This exercise calls for a copy of every line in the listing below that carries the word "have".
-.-.-
(* Let $r$ and $s$ be integers each of which is positive or odd. Then for every integer $n\ge0$ with $n\ne-(r+s)/2$ and all integers $\alpha,\beta$ with $0\le\alpha,\beta\le n$, $$\delta_{\alpha+\beta,n-1}+\sum_{\substack{\ell\ge\alpha,\ m\ge\beta\\ \ell+m=n}}b_r(\ell,\alpha)\,b_s(m,\beta)=\sum_{k=0}^n b_{r+s}(n,k)\Big(b_r(k-\beta,\alpha)+b_s(k-\alpha,\beta)\Big).$$
   Context: $\delta_{i,j}$ is the Kronecker delta and $B_j$ are the Bernoulli numbers, $\frac{t}{e^t-1}=\sum_j B_j\frac{t^j}{j!}$. For $q\in\mathbb{Z}$, integers $n\ge0$ with $n\ne -q/2$, and $0\le i\le n$, define $$b_q(n,i):=\begin{cases}\frac{2}{2n+q}\binom{2n+q}{2i+q}B_{2(n-i)}, & n\ge\max\{0,\lfloor -q/2\rfloor+1\},\\ \frac{2}{2i+q}\binom{-2i-q}{-2n-q}B_{2(n-i)}, & 0\le n\le\lfloor-(q+1)/2\rfloor,\end{cases}$$ with $\binom{N}{j}=0$ for $j<0$; and set $b_q(n,i):=0$ whenever $n<0$ or $i>n$. (The paper denotes $b_q(n,i)$ by ${n\brack i}_q$.) *)

theory Defs
  imports "HOL-Computational_Algebra.Formal_Power_Series"
begin

definition bernoulli :: "nat \<Rightarrow> real" where
  "bernoulli j = fact j * fps_nth (fps_X div (fps_exp 1 - 1) :: real fps) j"

definition ibinom :: "int \<Rightarrow> int \<Rightarrow> real" where
  "ibinom N j = (if j < 0 then 0 else (of_int N :: real) gchoose (nat j))"

text \<open>The paper's coefficient b_q(n,i). Value 0 outside the range of definition
  (n < 0, i > n, i < 0, or 2n + q = 0, where it is undefined in the paper).\<close>
definition bq :: "int \<Rightarrow> int \<Rightarrow> int \<Rightarrow> real" where
  "bq q n i =
     (if n < 0 \<or> i < 0 \<or> i > n \<or> 2*n + q = 0 then 0
      else if n \<ge> max 0 ((- q) div 2 + 1) then
        2 / of_int (2*n + q) * ibinom (2*n + q) (2*i + q) * bernoulli (nat (2*(n - i)))
      else if n \<le> (- (q + 1)) div 2 then
        2 / of_int (2*i + q) * ibinom (-2*i - q) (-2*n - q) * bernoulli (nat (2*(n - i)))
      else 0)"

end

(*
  Write e_m = B_m / m!. Both branches of the definition give
  b_q(i + t, i) = 2 e_2t (a + 1)_2t / (a + 2t) with a = 2i + q, which is 2 e_2t (a)_2t / a
  (rising factorials) since a is never a nonpositive even number when q is positive or odd.
  Clearing the denominators A = 2 alpha + r, B = 2 beta + s and 2n + r + s turns the claim into
  an identity between products (A)_k (B)_l weighted by e_2i e_2(d-i), d = n - alpha - beta.
  That identity is the image, under the linear functional x^a |-> (A)_a (B)_(M-a), of an
  identity between polynomials in x: by Vandermonde's convolution the functional sends
  x^m (1 + x)^n to (A)_m (B)_(M-m-n) (A+B+M-n)_n. The polynomial identity is the coefficient
  of t^(2d+1) in coth(u + v) (coth u + coth v) = 1 + coth u coth v with u = xt/2, v = t/2,
  because (t/2) coth(t/2) = sum_m e_2m t^2m.
*)
theory Submission
  imports Defs "HOL-Computational_Algebra.Polynomial"
begin

unbundle fps_syntax

definition bernoulli_egf :: "real fps" where
  "bernoulli_egf = Abs_fps (\<lambda>m. bernoulli m / fact m)"

lemma bernoulli_egf_nth: "bernoulli_egf $ m = bernoulli m / fact m"
  by (simp add: bernoulli_egf_def)

lemma fps_exp_minus_1_nonzero:
  assumes "x \<noteq> 0"
  shows "fps_exp x - 1 \<noteq> (0 :: 'a::field_char_0 fps)"
proof
  assume "fps_exp x - 1 = 0"
  then have "(fps_exp x - 1) $ 1 = 0" by simp
  with assms show False by simp
qed

lemma bernoulli_egf_times_expm1: "bernoulli_egf * (fps_exp 1 - 1) = fps_X"
proof -
  have "subdegree (fps_exp (1::real) - 1) = 1"
    by (rule subdegreeI) (auto simp: less_Suc_eq)
  then have "fps_exp 1 - 1 dvd (fps_X :: real fps)"
    using fps_dvd_iff[OF fps_exp_minus_1_nonzero[of "1::real"], of fps_X] by simp
  moreover have "bernoulli_egf = fps_X div (fps_exp 1 - 1)"
    by (rule fps_ext) (simp add: bernoulli_egf_nth bernoulli_def)
  ultimately show ?thesis by (metis dvd_div_mult_self)
qed

lemma bernoulli_egf_scaled_times_expm1:
  "(bernoulli_egf oo (fps_const x * fps_X)) * (fps_exp x - 1) = fps_const x * fps_X"
  using arg_cong[OF bernoulli_egf_times_expm1, of "\<lambda>f. f oo (fps_const x * fps_X)"]
  by (simp add: fps_compose_mult_distrib fps_compose_sub_distrib)

lemma bernoulli_egf_reflect: "bernoulli_egf oo (fps_const (-1) * fps_X) = bernoulli_egf + fps_X"
proof -
  let ?e = "fps_exp (1::real)" and ?e' = "fps_exp (-1::real)"
  have inv: "?e * ?e' = 1"
    using fps_exp_add_mult[of "1::real" "-1"] by simp
  have "(bernoulli_egf + fps_X) * (?e' - 1) = - (bernoulli_egf * (?e - 1) + fps_X * (?e - 1)) * ?e'"
    by (simp add: algebra_simps inv)
  also have "\<dots> = - fps_X * (?e * ?e')"
    by (simp only: bernoulli_egf_times_expm1) (simp add: algebra_simps)
  also have "\<dots> = - fps_X"
    by (simp add: inv)
  also have "\<dots> = (bernoulli_egf oo (fps_const (-1) * fps_X)) * (?e' - 1)"
    using bernoulli_egf_scaled_times_expm1[of "-1"] by (simp flip: fps_const_neg)
  finally show ?thesis
    using fps_exp_minus_1_nonzero[of "-1::real"] by simp
qed

lemma bernoulli_egf_nth_odd: "odd m \<Longrightarrow> bernoulli_egf $ m = (if m = 1 then -1/2 else 0)"
  using arg_cong[OF bernoulli_egf_reflect, of "\<lambda>f. f $ m"]
  by (auto simp: fps_X_nth split: if_splits)

text \<open>The series of \<open>(x t/2) coth (x t/2)\<close> in \<open>t\<close>.\<close>
definition xcoth_fps :: "real \<Rightarrow> real fps" where
  "xcoth_fps x = Abs_fps (\<lambda>m. if even m then x ^ m * bernoulli_egf $ m else 0)"

lemma xcoth_fps_eq: "xcoth_fps x = (bernoulli_egf oo (fps_const x * fps_X)) + fps_const (x/2) * fps_X"
  by (rule fps_ext) (auto simp: xcoth_fps_def fps_X_nth bernoulli_egf_nth_odd le_Suc_eq)

lemma xcoth_fps_times_expm1:
  "2 * xcoth_fps x * (fps_exp x - 1) = fps_const x * fps_X * (fps_exp x + 1)"
proof -
  have "2 * xcoth_fps x * (fps_exp x - 1)
      = 2 * ((bernoulli_egf oo (fps_const x * fps_X)) * (fps_exp x - 1))
        + fps_const x * fps_X * (fps_exp x - 1)"
    by (simp add: xcoth_fps_eq algebra_simps numeral_fps_const)
  then show ?thesis
    unfolding bernoulli_egf_scaled_times_expm1 by (simp add: algebra_simps)
qed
-.-.-
EXERCISE OUTPUT –
  then have "(fps_exp x - 1) $ 1 = 0" by simp
  have "subdegree (fps_exp (1::real) - 1) = 1"
  then have "fps_exp 1 - 1 dvd (fps_X :: real fps)"
  moreover have "bernoulli_egf = fps_X div (fps_exp 1 - 1)"
  have inv: "?e * ?e' = 1"
  have "(bernoulli_egf + fps_X) * (?e' - 1) = - (bernoulli_egf * (?e - 1) + fps_X * (?e - 1)) * ?e'"
  also have "\<dots> = - fps_X * (?e * ?e')"
  also have "\<dots> = - fps_X"
  also have "\<dots> = (bernoulli_egf oo (fps_const (-1) * fps_X)) * (?e' - 1)"
  have "2 * xcoth_fps x * (fps_exp x - 1)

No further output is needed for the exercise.